# Civil Engineering - UPSC Civil Service Exam Questions - Discussion

16.

The distance between two bench marks is 1000 m. If during levelling, the total error due to collimation, curvature and refraction is found to be + 0.120 m, then the magnitude of the collimation error is

 [A]. 0.00527 m [B]. 0.0527 m [C]. 0.527 m [D]. 0.673 m

Explanation:

No answer description available for this question.

 Aryan said: (Feb 11, 2014) Error due to curvature and refraction = 0.0678*(d)^2. Here, d=1 km. Error= 0.0678. Collimation error= 0.120 - 0.0678.

 Kanu said: (Mar 7, 2017) Thanks @Aryan.

 Anil said: (Mar 11, 2017) @Aryan. How can you subtract? One is in km and other is in mt.

 Taofeek said: (Apr 17, 2017) @Anil. The combined error due to curvature and refraction (ecomb) is thus given by ecomb = 0.0675 D2 m where D is the distance in km.

 Uttarayan said: (Jan 16, 2018) @Anil. The value of error due to curvature and refraction comes in m although d is taken in km.

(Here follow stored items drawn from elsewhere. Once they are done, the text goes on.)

(* Let $b\ge2$ be an integer and let $w=d_1\dots d_p$ be a fixed block of $b$-ary digits with $p\ge1$. Let $u=d_1\dots d_{p-1}$ and $v=d_2\dots d_p$. Let $k\ge1$. Then for every string $s$ of length $p-1$, the following identity of formal Laurent series in $t$ holds: $$Z_w(s,k)=t^{2-p}\,Z_w(s,0,u)\,Z_w(v,k-1).$$
   Context: Strings are finite sequences over $\{0,\dots,b-1\}$, including the empty string $\epsilon$. $k_w(X)$ is the number of possibly overlapping occurrences of $w$ in the string $X$, and $X$ is $j$-admissible if $k_w(X)=j$. For strings $x,y$ and $j\ge0$, $Z_w(x,j,y)=\sum_{l\ge0}c_l t^l$, where $c_l$ is the number of $j$-admissible strings of length $l$ that have $x$ as a prefix and $y$ as a suffix. Also $Z_w(x,j)=Z_w(x,j,\epsilon)$. When $p=1$, $u=v=s=\epsilon$. *)

theory Defs
  imports Main "HOL-Library.Sublist" "HOL-Computational_Algebra.Formal_Laurent_Series"
begin

definition bstrings :: "nat \<Rightarrow> nat list set" where
  "bstrings b = {xs. set xs \<subseteq> {..<b}}"

definition occ :: "nat list \<Rightarrow> nat list \<Rightarrow> nat" where
  "occ w X = card {i. i + length w \<le> length X \<and> take (length w) (drop i X) = w}"

definition Z3 :: "nat \<Rightarrow> nat list \<Rightarrow> nat list \<Rightarrow> nat \<Rightarrow> nat list \<Rightarrow> int fps" where
  "Z3 b w x j y = Abs_fps (\<lambda>l. int (card {X \<in> bstrings b. length X = l \<and> prefix x X
       \<and> suffix y X \<and> occ w X = j}))"

definition Z2 :: "nat \<Rightarrow> nat list \<Rightarrow> nat list \<Rightarrow> nat \<Rightarrow> int fps" where
  "Z2 b w x j = Z3 b w x j []"

end

theory Submission
  imports Defs
begin

text \<open>Cut a string X with k \<ge> 1 occurrences of w at the first one: X = A w B, where A u
contains no occurrence of w. The remaining occurrences of w in X are exactly those of v B, so v B
has k - 1 occurrences. Counting the pairs (A, B) by length gives Z_w(s,k) = t^p H T, while the
strings A u and v B are counted by Z_w(s,0,u) = t^(p-1) H and Z_w(v,k-1) = t^(p-1) T.\<close>

definition occurrences :: "'a list \<Rightarrow> 'a list \<Rightarrow> nat set" where
  "occurrences w X = {i. i + length w \<le> length X \<and> take (length w) (drop i X) = w}"

lemma occ_eq_card_occurrences: "occ w X = card (occurrences w X)"
  by (simp add: occ_def occurrences_def)

lemma finite_occurrences [simp]: "finite (occurrences w X)"
  by (rule finite_subset[of _ "{..length X}"]) (auto simp: occurrences_def)

lemma occurrences_append_left_iff:
  "i + length w \<le> length Y \<Longrightarrow> i \<in> occurrences w (Y @ Z) \<longleftrightarrow> i \<in> occurrences w Y"
  by (simp add: occurrences_def)

lemma occurrences_append_right_iff:
  "length Y + j \<in> occurrences w (Y @ Z) \<longleftrightarrow> j \<in> occurrences w Z"
  by (simp add: occurrences_def)

lemma append_split_at_last:
  "w \<noteq> [] \<Longrightarrow> A @ w @ B = (A @ butlast w) @ (last w # B)"
  by (metis append.assoc append_Cons append_Nil append_butlast_last_id)

lemma occurrences_append_first:
  assumes "w \<noteq> []" and "occ w (A @ butlast w) = 0"
  shows "occurrences w (A @ w @ B)
    = insert (length A) ((+) (Suc (length A)) ` occurrences w (tl w @ B))"
    (is "?L = ?R")
proof (intro set_eqI iffI)
  have split_hd: "A @ w @ B = (A @ [hd w]) @ (tl w @ B)"
    using assms(1) by (cases w) auto
  have after: "Suc (length A) + j \<in> ?L \<longleftrightarrow> j \<in> occurrences w (tl w @ B)" for j
    using occurrences_append_right_iff[of "A @ [hd w]" j w "tl w @ B"] unfolding split_hd by simp
  have before: "i \<notin> ?L" if "i < length A" for i
  proof
    assume "i \<in> ?L"
    have inside: "i + length w \<le> length (A @ butlast w)"
      using that assms(1) by (cases w) auto
    have "i \<in> occurrences w (A @ butlast w)"
      using \<open>i \<in> ?L\<close>
      unfolding append_split_at_last[OF assms(1)] occurrences_append_left_iff[OF inside] .
    then show False
      using assms(2) by (simp add: occ_eq_card_occurrences)
  qed
  fix i
  show "i \<in> ?R" if "i \<in> ?L"
  proof -
    consider "i < length A" | "i = length A" | j where "i = Suc (length A) + j"
      by (metis less_imp_Suc_add linorder_neqE_nat add_Suc)
    then show ?thesis
      using that before after by cases auto
  qed
  have "length A \<in> ?L"
    by (simp add: occurrences_def)
  then show "i \<in> ?L" if "i \<in> ?R"
    using that after by auto
qed

lemma occ_append_first:
  assumes "w \<noteq> []" and "occ w (A @ butlast w) = 0"
  shows "occ w (A @ w @ B) = Suc (occ w (tl w @ B))"
  unfolding occ_eq_card_occurrences occurrences_append_first[OF assms]
  by (subst card_insert_disjoint) (auto simp: card_image inj_on_def)

lemma Min_occurrences_append_first:
  assumes "w \<noteq> []" and "occ w (A @ butlast w) = 0"
  shows "Min (occurrences w (A @ w @ B)) = length A"
  unfolding occurrences_append_first[OF assms] by (intro Min_eqI) auto

lemma first_occurrence_split:
  assumes "w \<noteq> []" and "occ w X \<noteq> 0"
  obtains A B where "X = A @ w @ B" and "occ w (A @ butlast w) = 0"
proof
  define i where "i = Min (occurrences w X)"
  have "occurrences w X \<noteq> {}"
    using assms(2) by (auto simp: occ_eq_card_occurrences)
  then have i: "i \<in> occurrences w X" and i_min: "\<And>j. j \<in> occurrences w X \<Longrightarrow> i \<le> j"
    unfolding i_def by simp_all
  then have "take (length w) (drop i X) = w"
    by (simp add: occurrences_def)
  then show X: "X = take i X @ w @ drop (i + length w) X"
    by (metis append_take_drop_id add.commute drop_drop)
  have "occurrences w (take i X @ butlast w) = {}"
  proof (rule equals0I)
    fix j
    assume j: "j \<in> occurrences w (take i X @ butlast w)"
    then have "j + length w \<le> length (take i X @ butlast w)"
      by (simp add: occurrences_def)
    moreover have "X = (take i X @ butlast w) @ (last w # drop (i + length w) X)"
      by (rule trans[OF X append_split_at_last[OF assms(1)]])
    ultimately have "j \<in> occurrences w X"
      using j occurrences_append_left_iff by metis
    moreover have "j < i"
      using \<open>j + length w \<le> _\<close> assms(1) by (cases w rule: rev_cases) auto
    ultimately show False
      using i_min by fastforce
  qed
  then show "occ w (take i X @ butlast w) = 0"
    by (simp add: occ_eq_card_occurrences)
qed

definition card_fps :: "(nat \<Rightarrow> 'a set) \<Rightarrow> int fps" where
  "card_fps S = Abs_fps (\<lambda>n. int (card (S n)))"

lemma card_fps_shift:
  assumes "\<And>n. n < c \<Longrightarrow> C n = {}" and "\<And>m. bij_betw f (D m) (C (m + c))"
  shows "card_fps C = fps_X ^ c * card_fps D"
proof (rule fps_ext)
  fix n
  show "card_fps C $ n = (fps_X ^ c * card_fps D) $ n"
  proof (cases "n < c")
    case False
    then have "C n = C ((n - c) + c)"
      by simp
    then show ?thesis
      using False bij_betw_same_card[OF assms(2)] by (simp add: card_fps_def fps_X_power_mult_nth)
  qed (simp add: assms(1) card_fps_def fps_X_power_mult_nth)
qed

lemma card_fps_Cauchy_product:
  assumes "\<And>i. finite (H i)" and "\<And>j. finite (T j)" and "\<And>i j. i \<noteq> j \<Longrightarrow> H i \<inter> H j = {}"
  shows "card_fps (\<lambda>m. \<Union>i\<le>m. H i \<times> T (m - i)) = card_fps H * card_fps T"
proof (rule fps_ext)
  fix m
  have "card (\<Union>i\<le>m. H i \<times> T (m - i)) = (\<Sum>i\<le>m. card (H i) * card (T (m - i)))"
    using assms by (subst card_UN_disjoint) (auto simp: card_cartesian_product disjoint_iff)
  then show "card_fps (\<lambda>m. \<Union>i\<le>m. H i \<times> T (m - i)) $ m = (card_fps H * card_fps T) $ m"
    by (simp add: card_fps_def fps_mult_nth atLeast0AtMost)
qed

lemma Z3_eq_card_fps:
  "Z3 b w x j y
    = card_fps (\<lambda>n. {X \<in> bstrings b. length X = n \<and> prefix x X \<and> suffix y X \<and> occ w X = j})"
  by (simp add: Z3_def card_fps_def)

lemma bstrings_append [simp]: "xs @ ys \<in> bstrings b \<longleftrightarrow> xs \<in> bstrings b \<and> ys \<in> bstrings b"
  by (auto simp: bstrings_def)

lemma bstrings_butlast: "xs \<in> bstrings b \<Longrightarrow> butlast xs \<in> bstrings b"
  by (auto simp: bstrings_def dest: in_set_butlastD)

lemma bstrings_tl: "xs \<in> bstrings b \<Longrightarrow> tl xs \<in> bstrings b"
  by (cases xs) (auto simp: bstrings_def)

lemma finite_bstrings_length: "finite {A \<in> bstrings b. length A = n}"
  using finite_lists_length_eq[of "{..<b}" n] by (simp add: bstrings_def)

definition heads :: "nat \<Rightarrow> nat list \<Rightarrow> nat list \<Rightarrow> nat \<Rightarrow> nat list set" where
  "heads b w s n = {A \<in> bstrings b. length A = n \<and> prefix s (A @ butlast w)
     \<and> occ w (A @ butlast w) = 0}"

definition tails :: "nat \<Rightarrow> nat list \<Rightarrow> nat \<Rightarrow> nat \<Rightarrow> nat list set" where
  "tails b w k n = {B \<in> bstrings b. length B = n \<and> occ w (tl w @ B) = k}"

lemma finite_heads: "finite (heads b w s n)"
  by (rule finite_subset[OF _ finite_bstrings_length[of b n]]) (auto simp: heads_def)

lemma finite_tails: "finite (tails b w k n)"
  by (rule finite_subset[OF _ finite_bstrings_length[of b n]]) (auto simp: tails_def)

lemma Z3_butlast_eq_heads:
  assumes "w \<in> bstrings b"
  shows "Z3 b w s 0 (butlast w) = fps_X ^ (length w - 1) * card_fps (heads b w s)"
  unfolding Z3_eq_card_fps
proof (rule card_fps_shift)
  show "bij_betw (\<lambda>A. A @ butlast w) (heads b w s m)
      {X \<in> bstrings b. length X = m + (length w - 1) \<and> prefix s X \<and> suffix (butlast w) X
         \<and> occ w X = 0}" for m
    using bstrings_butlast[OF assms]
    by (auto simp: bij_betw_def inj_on_def heads_def suffix_def image_iff)
qed (auto simp: suffix_def)

lemma Z2_tl_eq_tails:
  assumes "w \<in> bstrings b"
  shows "Z2 b w (tl w) k = fps_X ^ (length w - 1) * card_fps (tails b w k)"
  unfolding Z2_def Z3_eq_card_fps
proof (rule card_fps_shift)
  show "bij_betw (\<lambda>B. tl w @ B) (tails b w k m)
      {X \<in> bstrings b. length X = m + (length w - 1) \<and> prefix (tl w) X \<and> suffix [] X
         \<and> occ w X = k}" for m
    using bstrings_tl[OF assms]
    by (auto simp: bij_betw_def inj_on_def tails_def prefix_def image_iff)
qed (auto simp: prefix_def)

lemma prefix_append_butlast:
  assumes "w \<noteq> []"
  shows "prefix (A @ butlast w) (A @ w @ B)"
  unfolding append_split_at_last[OF assms] by simp

lemma first_occurrence_bij:
  assumes "w \<noteq> []" and "w \<in> bstrings b" and "length s < length w" and "k \<ge> 1"
  shows "bij_betw (\<lambda>(A, B). A @ w @ B) (\<Union>i\<le>m. heads b w s i \<times> tails b w (k - 1) (m - i))
    {X \<in> bstrings b. length X = m + length w \<and> prefix s X \<and> occ w X = k}"
    (is "bij_betw ?glue ?D ?C")
proof (rule bij_betw_imageI)
  show "inj_on ?glue ?D"
  proof (rule inj_onI, clarify)
    fix A B A' B' i i'
    assume "A \<in> heads b w s i" "A' \<in> heads b w s i'" and glue: "A @ w @ B = A' @ w @ B'"
    then have "occ w (A @ butlast w) = 0" and "occ w (A' @ butlast w) = 0"
      by (simp_all add: heads_def)
    then have "length A = length A'"
      using glue Min_occurrences_append_first[OF assms(1)] by metis
    then show "A = A' \<and> B = B'"
      using glue by simp
  qed
  show "?glue ` ?D = ?C"
  proof (intro set_eqI iffI)
    fix X
    assume "X \<in> ?glue ` ?D"
    then obtain i A B where "i \<le> m" "A \<in> heads b w s i" "B \<in> tails b w (k - 1) (m - i)"
      and X: "X = A @ w @ B"
      by auto
    then show "X \<in> ?C"
      using assms occ_append_first[OF assms(1)] prefix_append_butlast[OF assms(1)]
      by (auto simp: heads_def tails_def intro: prefix_order.trans)
  next
    fix X
    assume "X \<in> ?C"
    then have X: "X \<in> bstrings b" "length X = m + length w" "prefix s X" "occ w X = k"
      by auto
    then obtain A B where glue: "X = A @ w @ B" and head: "occ w (A @ butlast w) = 0"
      using first_occurrence_split[OF assms(1)] assms(4) by (metis not_one_le_zero)
    have "prefix (A @ butlast w) X"
      using prefix_append_butlast[OF assms(1)] glue by simp
    then have "prefix s (A @ butlast w)"
      using prefix_length_prefix[OF X(3)] assms(3) by simp
    then have "A \<in> heads b w s (length A)" and "B \<in> tails b w (k - 1) (m - length A)"
      using X head glue occ_append_first[OF assms(1) head, of B]
      by (auto simp: heads_def tails_def)
    moreover have "length A \<le> m"
      using X(2) glue by simp
    ultimately show "X \<in> ?glue ` ?D"
      using glue by (intro image_eqI[of _ _ "(A, B)"]) auto
  qed
qed

lemma Z2_eq_heads_tails:
  assumes "w \<noteq> []" and "w \<in> bstrings b" and "length s < length w" and "k \<ge> 1"
  shows "Z2 b w s k = fps_X ^ length w * (card_fps (heads b w s) * card_fps (tails b w (k - 1)))"
proof -
  have "Z2 b w s k = card_fps (\<lambda>n. {X \<in> bstrings b. length X = n \<and> prefix s X \<and> occ w X = k})"
    by (simp add: Z2_def Z3_eq_card_fps)
  also have "\<dots> = fps_X ^ length w
      * card_fps (\<lambda>m. \<Union>i\<le>m. heads b w s i \<times> tails b w (k - 1) (m - i))"
  proof (rule card_fps_shift)
    show "bij_betw (\<lambda>(A, B). A @ w @ B) (\<Union>i\<le>m. heads b w s i \<times> tails b w (k - 1) (m - i))
      {X \<in> bstrings b. length X = m + length w \<and> prefix s X \<and> occ w X = k}" for m
      by (rule first_occurrence_bij[OF assms])
    show "{X \<in> bstrings b. length X = n \<and> prefix s X \<and> occ w X = k} = {}" if "n < length w" for n
      using that assms(4) by (auto simp: occ_eq_card_occurrences occurrences_def card_eq_0_iff)
  qed
  also have "\<dots> = fps_X ^ length w * (card_fps (heads b w s) * card_fps (tails b w (k - 1)))"
    by (subst card_fps_Cauchy_product[OF finite_heads finite_tails]) (auto simp: heads_def)
  finally show ?thesis .
qed

lemma fps_to_fls_fps_X_power_times:
  "fps_to_fls (fps_X ^ n * F) = fls_X_intpow (int n) * fps_to_fls (F :: 'a :: comm_ring_1 fps)"
  by (simp add: fls_times_fps_to_fls fps_to_fls_power fls_X_power_conv_shift_1)

theorem lemma3:
  fixes b p k :: nat and w s :: "nat list"
  assumes "b \<ge> 2" and "w \<in> bstrings b" and "length w = p" and "p \<ge> 1"
    and "k \<ge> 1" and "s \<in> bstrings b" and "length s = p - 1"
  shows "fps_to_fls (Z2 b w s k)
       = fls_X_intpow (2 - int p) * fps_to_fls (Z3 b w s 0 (butlast w))
           * fps_to_fls (Z2 b w (tl w) (k - 1))"
proof -
  have "w \<noteq> []" and "length s < length w"
    using assms(3,4,7) by auto
  note gfs = Z2_eq_heads_tails[OF this(1) assms(2) this(2) assms(5)]
    Z3_butlast_eq_heads[OF assms(2)] Z2_tl_eq_tails[OF assms(2)]
  have X_power: "fls_X_intpow (int p) = fls_X_intpow (2 - int p) * fls_X_intpow (int (p - 1))
      * (fls_X_intpow (int (p - 1)) :: int fls)"
    unfolding fls_X_intpow_times_fls_X_intpow using assms(4) by simp
  show ?thesis
    unfolding gfs assms(3) fps_to_fls_fps_X_power_times
    unfolding X_power fls_times_fps_to_fls
    by (simp add: algebra_simps)
qed

end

 Mahendra Shukla said: (Dec 23, 2018) Given; Total error =collimation error + curvature error + refraction error. .120=colli.error-.07857*1+.01122*1, Colli.error = .120-.06735=.0527.

 Akash said: (Sep 26, 2019) Collimation Error = 0.12-0.0673 = 0.0527.

 Amit Singh said: (Jan 31, 2021) Curvature correction(m) = -0.06749d^2 (d is in Km), Refraction correction (m) = 0.01121d^2 (d is in Km), Combined Correction (m) = -0.06728d^2 (d is in km).